DEV Community

Furkan Kalkan
Furkan Kalkan

Posted on • Updated on

Fully automated metadata objects with Python 3.7's brand new dataclass library.

metadata banner

Dataclass is a brand new data structure which featured in Python 3.7. Recently @btaskaya write about it a great article. If you hadn't read yet, you can read on here.

Dataclass has promising features to create reusable, self-verified and automated metadata objects. Before that, I used to use dict format to create metadata objects but copying and pasting the same object all the time is boring and conflict with against DRY (Don't Repeat Yourself) rule.

It was like this:

Metadata = {}
Metadata["id"] = id
Metadata["url"] = url

if something:
    Metadata["some_field"] = some_data

Metadata["media"] = {}
Metadata["media"]["id"] = media_id 
...
Enter fullscreen mode Exit fullscreen mode

I can use NamedTuple or something instead of dict but they have some limitations and I really didn't have enough time to implement something fancier in the early days of the project. When I refactor code I realize that dataclass is more functional for my needs.

In this article, I will show you how to implement fully automated metadata objects with dataclasses step by step.

Part 1: Implement metadata fields that don't need calculation

There is no problem at all in this step. It's just standard implementation.

from dataclasses import *


@dataclass
class Metadata:
    title: str
    url: str
    created_at: str = None    # Fields may have default value
Enter fullscreen mode Exit fullscreen mode

Part 2: Add some fields that need calculation and let's calculate it automatically.

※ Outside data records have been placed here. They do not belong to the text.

(* Let $c\in[0,1]$. For every countable collection of languages $\mathcal{L}$, there is a set-based generator that generates in the limit from $\mathcal{L}$ and achieves set-based upper density at least $1-c$ under enumerations without noise and with $c$-omissions.
   Context: The universe is $U=\mathbb{N}$ with its natural order. A language is an infinite subset of $U$; a collection is a countable family of languages. For $A,B\subseteq\mathbb{N}$ with $B=\{b_1<b_2<\cdots\}$, $\mu_{\rm low}(A,B)=\liminf_n\frac1n|A\cap\{b_1,\dots,b_n\}|$. An enumeration of $K$ without noise and with $c$-omissions is a sequence listing each element of some $\hat K\subseteq K$ exactly once and nothing else, where $\mu_{\rm low}(\hat K,K)\ge1-c$; $S_n=\{x_1,\dots,x_n\}$. A set-based generator outputs at step $n$, from $x_1,\dots,x_n$ and knowledge of $\mathcal{L}$ (not $K$), a set $A_n\subseteq U\setminus S_n$. It generates in the limit if for every $K\in\mathcal{L}$ and admissible enumeration there is $n^\star$ with $A_n\subseteq K$ for all $n\ge n^\star$; it achieves set-based upper density $\rho$ if $\limsup_n\mu_{\rm low}(A_n,K)\ge\rho$. *)

theory Defs
  imports Complex_Main "HOL-Library.Countable_Set" "HOL-Library.Extended_Real" "HOL-Library.Liminf_Limsup"
begin

text \<open>Lower density of A relative to B = {b_1 < b_2 < ...}; enumerate B is 0-indexed,
  so enumerate B ` {..<n} = {b_1,...,b_n}.\<close>
definition mu_low :: "nat set \<Rightarrow> nat set \<Rightarrow> ereal" where
  "mu_low A B = liminf (\<lambda>n. ereal (real (card (A \<inter> enumerate B ` {..<n})) / real n))"

definition is_collection :: "nat set set \<Rightarrow> bool" where
  "is_collection L \<longleftrightarrow> countable L \<and> (\<forall>K\<in>L. infinite K)"

text \<open>x 0, x 1, ... stands for x_1, x_2, ...: an enumeration of K without noise and with
  c-omissions lists each element of Khat = range x exactly once, Khat \<subseteq> K, and
  mu_low Khat K \<ge> 1 - c.\<close>
definition omission_enum :: "real \<Rightarrow> nat set \<Rightarrow> (nat \<Rightarrow> nat) \<Rightarrow> bool" where
  "omission_enum c K x \<longleftrightarrow> inj x \<and> range x \<subseteq> K \<and> mu_low (range x) K \<ge> ereal (1 - c)"

definition prefix :: "(nat \<Rightarrow> nat) \<Rightarrow> nat \<Rightarrow> nat list" where
  "prefix x n = map x [0..<n]"

definition set_based_generator :: "(nat list \<Rightarrow> nat set) \<Rightarrow> bool" where
  "set_based_generator G \<longleftrightarrow> (\<forall>xs. G xs \<inter> set xs = {})"

end

theory Submission
  imports Defs "HOL-Analysis.Extended_Real_Limits"
begin

text \<open>
  Enumerate the collection as \<open>L\<^sub>0, L\<^sub>1, \<dots>\<close>. After seeing \<open>x\<^sub>1, \<dots>, x\<^sub>n\<close>, let \<open>m\<close> be the least
  index of a language that is consistent with \<open>x\<^sub>1, \<dots>, x\<^sub>n\<^sub>-\<^sub>1\<close> but not with \<open>x\<^sub>n\<close> (or \<open>m = n\<close> if no
  language is eliminated at this step), and output the intersection of the consistent
  languages of index below \<open>m\<close>, minus the elements already seen.

  If the target is \<open>K = L\<^sub>z\<close>, each of \<open>L\<^sub>0, \<dots>, L\<^sub>z\<close> is eliminated at most once, so eventually
  \<open>m > z\<close> and the output lies inside \<open>K\<close>. Conversely, infinitely often every consistent
  language of index below \<open>m\<close> contains all of \<open>x\<close>: otherwise, from some step \<open>N\<close> on, take the
  least index \<open>j\<close> of a language consistent at step \<open>N\<close> that misses some \<open>x\<^sub>k\<close>; at the step
  where \<open>L\<^sub>j\<close> is eliminated we get \<open>m \<le> j\<close>, so a smaller such index exists, a contradiction.
  At those steps the output contains all elements not yet enumerated, a cofinite part of
  \<open>range x\<close>, whose lower density in \<open>K\<close> is at least \<open>1 - c\<close>.
\<close>

lemma frequently_le_Limsup:
  fixes f :: "'a \<Rightarrow> 'b::complete_linorder"
  assumes "\<exists>\<^sub>F x in F. a \<le> f x"
  shows "a \<le> Limsup F f"
  unfolding Limsup_def
proof (rule INF_greatest, safe)
  fix P assume "eventually P F"
  then obtain x where "P x" "a \<le> f x"
    using frequently_ex[OF frequently_eventually_conj[OF assms]] by blast
  then show "a \<le> Sup (f ` Collect P)"
    by (intro SUP_upper2[of x]) auto
qed

lemma mu_low_mono:
  assumes "A \<subseteq> A'"
  shows "mu_low A K \<le> mu_low A' K"
  unfolding mu_low_def
proof (intro Liminf_mono always_eventually allI)
  fix n
  have "card (A \<inter> enumerate K ` {..<n}) \<le> card (A' \<inter> enumerate K ` {..<n})"
    by (rule card_mono) (use assms in auto)
  then show "ereal (real (card (A \<inter> enumerate K ` {..<n})) / real n)
     \<le> ereal (real (card (A' \<inter> enumerate K ` {..<n})) / real n)"
    by (simp add: divide_right_mono)
qed

lemma mu_low_Diff_finite:
  assumes "finite F"
  shows "mu_low A K \<le> mu_low (A - F) K"
proof -
  let ?B = "\<lambda>n. enumerate K ` {..<n}"
  define u where "u n = ereal (real (card F) / real n)" for n :: nat
  have count_le: "ereal (real (card (A \<inter> ?B n)) / real n)
      \<le> u n + ereal (real (card ((A - F) \<inter> ?B n)) / real n)" for n
  proof -
    have "card (A \<inter> ?B n) \<le> card (((A - F) \<inter> ?B n) \<union> F)"
      by (intro card_mono) (use assms in auto)
    also have "\<dots> \<le> card ((A - F) \<inter> ?B n) + card F"
      by (rule card_Un_le)
    finally show ?thesis
      unfolding u_def by (simp add: divide_right_mono flip: add_divide_distrib)
  qed
  have "u \<longlonglongrightarrow> 0"
    unfolding u_def zero_ereal_def by (intro tendsto_ereal lim_const_over_n)
  have "mu_low A K \<le> liminf (\<lambda>n. u n + ereal (real (card ((A - F) \<inter> ?B n)) / real n))"
    unfolding mu_low_def by (intro Liminf_mono always_eventually allI count_le)
  also have "\<dots> = 0 + mu_low (A - F) K"
    unfolding mu_low_def by (rule ereal_liminf_lim_add[OF \<open>u \<longlonglongrightarrow> 0\<close>]) simp
  finally show ?thesis
    by simp
qed

lemma mu_low_mono_cofinite:
  assumes "finite F" and "B - F \<subseteq> A"
  shows "mu_low B K \<le> mu_low A K"
  using mu_low_Diff_finite[OF assms(1), of B K] mu_low_mono[OF assms(2), of K] by order

lemma set_prefix: "set (prefix x n) = x ` {..<n}"
  unfolding prefix_def by auto

lemma length_prefix: "length (prefix x n) = n"
  unfolding prefix_def by simp

definition eliminated :: "(nat \<Rightarrow> nat set) \<Rightarrow> nat list \<Rightarrow> nat \<Rightarrow> bool" where
  "eliminated Ls xs i \<longleftrightarrow> set (butlast xs) \<subseteq> Ls i \<and> \<not> set xs \<subseteq> Ls i"

definition elimination_cutoff :: "(nat \<Rightarrow> nat set) \<Rightarrow> nat list \<Rightarrow> nat" where
  "elimination_cutoff Ls xs =
     (if \<exists>i. eliminated Ls xs i then LEAST i. eliminated Ls xs i else length xs)"

definition cutoff_generator :: "(nat \<Rightarrow> nat set) \<Rightarrow> nat list \<Rightarrow> nat set" where
  "cutoff_generator Ls xs =
     \<Inter>{Ls i | i. i < elimination_cutoff Ls xs \<and> set xs \<subseteq> Ls i} - set xs"

lemma set_based_generator_cutoff_generator: "set_based_generator (cutoff_generator Ls)"
  unfolding set_based_generator_def cutoff_generator_def by auto

lemma eliminated_prefix:
  "eliminated Ls (prefix x n) i \<longleftrightarrow> x ` {..<n - 1} \<subseteq> Ls i \<and> \<not> x ` {..<n} \<subseteq> Ls i"
proof -
  have "butlast (prefix x n) = prefix x (n - 1)"
    unfolding prefix_def by (cases n) (simp_all add: map_butlast)
  then show ?thesis
    unfolding eliminated_def by (simp add: set_prefix)
qed

lemma elimination_cutoff_le: "eliminated Ls xs i \<Longrightarrow> elimination_cutoff Ls xs \<le> i"
  unfolding elimination_cutoff_def by (auto intro: Least_le)

lemma eventually_not_eliminated:
  "\<forall>\<^sub>F n in sequentially. \<not> eliminated Ls (prefix x n) i"
proof (cases "range x \<subseteq> Ls i")
  case True
  then show ?thesis
    by (intro always_eventually) (auto simp: eliminated_prefix)
next
  case False
  then obtain k where "x k \<notin> Ls i" by blast
  have "\<not> eliminated Ls (prefix x n) i" if "n \<ge> k + 2" for n
  proof -
    have "x k \<in> x ` {..<n - 1}"
      using that by simp
    with \<open>x k \<notin> Ls i\<close> show ?thesis
      by (auto simp: eliminated_prefix)
  qed
  then show ?thesis
    unfolding eventually_sequentially by blast
qed

lemma eventually_elimination_cutoff_gt:
  "\<forall>\<^sub>F n in sequentially. z < elimination_cutoff Ls (prefix x n)"
proof -
  have "\<forall>\<^sub>F n in sequentially. (\<forall>i\<in>{..z}. \<not> eliminated Ls (prefix x n) i) \<and> z < n"
    by (intro eventually_conj eventually_ball_finite eventually_gt_at_top)
       (auto intro: eventually_not_eliminated)
  then show ?thesis
  proof (rule eventually_mono)
    fix n assume n: "(\<forall>i\<in>{..z}. \<not> eliminated Ls (prefix x n) i) \<and> z < n"
    show "z < elimination_cutoff Ls (prefix x n)"
    proof (cases "\<exists>i. eliminated Ls (prefix x n) i")
      case True
      then have "eliminated Ls (prefix x n) (LEAST i. eliminated Ls (prefix x n) i)"
        by (rule LeastI_ex)
      with n True show ?thesis
        unfolding elimination_cutoff_def by (auto simp: not_le)
    next
      case False
      then have "elimination_cutoff Ls (prefix x n) = n"
        unfolding elimination_cutoff_def by (simp only: if_not_P if_False length_prefix)
      with n show ?thesis
        by simp
    qed
  qed
qed

lemma eventually_cutoff_generator_subset:
  assumes "range x \<subseteq> Ls z"
  shows "\<forall>\<^sub>F n in sequentially. cutoff_generator Ls (prefix x n) \<subseteq> Ls z"
  using eventually_elimination_cutoff_gt
proof (rule eventually_mono)
  fix n assume "z < elimination_cutoff Ls (prefix x n)"
  with assms show "cutoff_generator Ls (prefix x n) \<subseteq> Ls z"
    unfolding cutoff_generator_def set_prefix by blast
qed

lemma ex_eliminated_after:
  assumes "x ` {..<N} \<subseteq> Ls j" and "\<not> range x \<subseteq> Ls j"
  shows "\<exists>n\<ge>N. eliminated Ls (prefix x n) j"
proof -
  define n where "n = (LEAST n. \<not> x ` {..<n} \<subseteq> Ls j)"
  from assms(2) obtain k where "x k \<notin> Ls j" by blast
  then have "\<not> x ` {..<Suc k} \<subseteq> Ls j" by auto
  then have inconsistent: "\<not> x ` {..<n} \<subseteq> Ls j"
    unfolding n_def by (rule LeastI)
  then have "N < n"
    using assms(1) by (meson image_mono lessThan_subset_iff not_le order_trans)
  moreover have "x ` {..<n - 1} \<subseteq> Ls j"
    using not_less_Least[of "n - 1" "\<lambda>n. \<not> x ` {..<n} \<subseteq> Ls j"] \<open>N < n\<close>
    unfolding n_def[symmetric] by simp
  ultimately show ?thesis
    using inconsistent by (intro exI[of _ n]) (simp add: eliminated_prefix)
qed

lemma frequently_cutoff_generator_superset:
  "\<exists>\<^sub>F n in sequentially. range x - x ` {..<n} \<subseteq> cutoff_generator Ls (prefix x n)"
proof -
  let ?m = "\<lambda>n. elimination_cutoff Ls (prefix x n)"
  define offending where
    "offending n i \<longleftrightarrow> x ` {..<n} \<subseteq> Ls i \<and> \<not> range x \<subseteq> Ls i" for n i
  have "\<exists>\<^sub>F n in sequentially. \<forall>i < ?m n. \<not> offending n i"
  proof (rule ccontr)
    assume "\<not> ?thesis"
    then obtain N where bad: "\<And>n. n \<ge> N \<Longrightarrow> \<exists>i < ?m n. offending n i"
      unfolding not_frequently eventually_sequentially by auto
    define j where "j = (LEAST i. offending N i)"
    have "offending N j"
      unfolding j_def by (rule LeastI_ex) (use bad[of N] in blast)
    then obtain n where "n \<ge> N" and "eliminated Ls (prefix x n) j"
      using ex_eliminated_after[of x N Ls j] unfolding offending_def by blast
    then have "?m n \<le> j"
      by (simp add: elimination_cutoff_le)
    obtain i where "i < ?m n" and "offending n i"
      using bad[OF \<open>n \<ge> N\<close>] by blast
    have "x ` {..<N} \<subseteq> x ` {..<n}"
      using \<open>n \<ge> N\<close> by (intro image_mono) auto
    with \<open>offending n i\<close> have "offending N i"
      unfolding offending_def by blast
    moreover have "i < j"
      using \<open>i < ?m n\<close> \<open>?m n \<le> j\<close> by linarith
    ultimately show False
      using not_less_Least[of i "offending N"] unfolding j_def by blast
  qed
  then show ?thesis
  proof (rule frequently_elim1)
    fix n assume clean: "\<forall>i < ?m n. \<not> offending n i"
    have "range x \<subseteq> Ls i" if "i < ?m n" and "x ` {..<n} \<subseteq> Ls i" for i
      using clean that unfolding offending_def by blast
    then show "range x - x ` {..<n} \<subseteq> cutoff_generator Ls (prefix x n)"
      unfolding cutoff_generator_def set_prefix by blast
  qed
qed

theorem proposition6p3:
  fixes c :: real and L :: "nat set set"
  assumes "0 \<le> c" and "c \<le> 1" and "is_collection L"
  shows "\<exists>G. set_based_generator G \<and>
           (\<forall>K\<in>L. \<forall>x. omission_enum c K x \<longrightarrow>
              (\<exists>n0. \<forall>n\<ge>n0. G (prefix x n) \<subseteq> K) \<and>
              limsup (\<lambda>n. mu_low (G (prefix x n)) K) \<ge> ereal (1 - c))"
proof -
  define Ls where "Ls = from_nat_into L"
  let ?G = "cutoff_generator Ls"
  have "(\<exists>n0. \<forall>n\<ge>n0. ?G (prefix x n) \<subseteq> K) \<and>
        ereal (1 - c) \<le> limsup (\<lambda>n. mu_low (?G (prefix x n)) K)"
    if "K \<in> L" and "omission_enum c K x" for K x
  proof
    from that(2) have "range x \<subseteq> K" and dense: "ereal (1 - c) \<le> mu_low (range x) K"
      unfolding omission_enum_def by auto
    obtain z where "Ls z = K"
      using from_nat_into_surj \<open>K \<in> L\<close> assms(3) unfolding Ls_def is_collection_def by metis
    show "\<exists>n0. \<forall>n\<ge>n0. ?G (prefix x n) \<subseteq> K"
      using eventually_cutoff_generator_subset[of x Ls z] \<open>range x \<subseteq> K\<close> \<open>Ls z = K\<close>
      unfolding eventually_sequentially by simp
    have "\<exists>\<^sub>F n in sequentially. mu_low (range x) K \<le> mu_low (?G (prefix x n)) K"
      using frequently_cutoff_generator_superset
      by (rule frequently_elim1) (rule mu_low_mono_cofinite[OF finite_imageI[OF finite_lessThan]])
    then have "mu_low (range x) K \<le> limsup (\<lambda>n. mu_low (?G (prefix x n)) K)"
      by (rule frequently_le_Limsup)
    with dense show "ereal (1 - c) \<le> limsup (\<lambda>n. mu_low (?G (prefix x n)) K)"
      by order
  qed
  then show ?thesis
    using set_based_generator_cutoff_generator by blast
qed

end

This fields will get values only after calculations. In our case, post_id should equal the random number plus url.

import random
from dataclasses import *
@dataclass
class Metadata:
    # Normal fields
    title: str
    url: str
    created_at: str = None
    # Calculated fields
    post_id: str = field(init=False)
    def __post_init__(self):
        random_number = random.randint(100000, 999999)
        self.post_id = f"{random_number}_{self.url}"
Enter fullscreen mode Exit fullscreen mode

__post_init__ function will calculate our field post_id after initiliasion.

Let's call it:

>>> Metadata(
...  title="Some Article",
...  url="https://example.com/article.html",
...  created_at="2018-09-23"
... )
Metadata(title='Some Article', url='https://example.com/article.html', created_at='2018-09-23', post_id='696953_https://example.com/article.html')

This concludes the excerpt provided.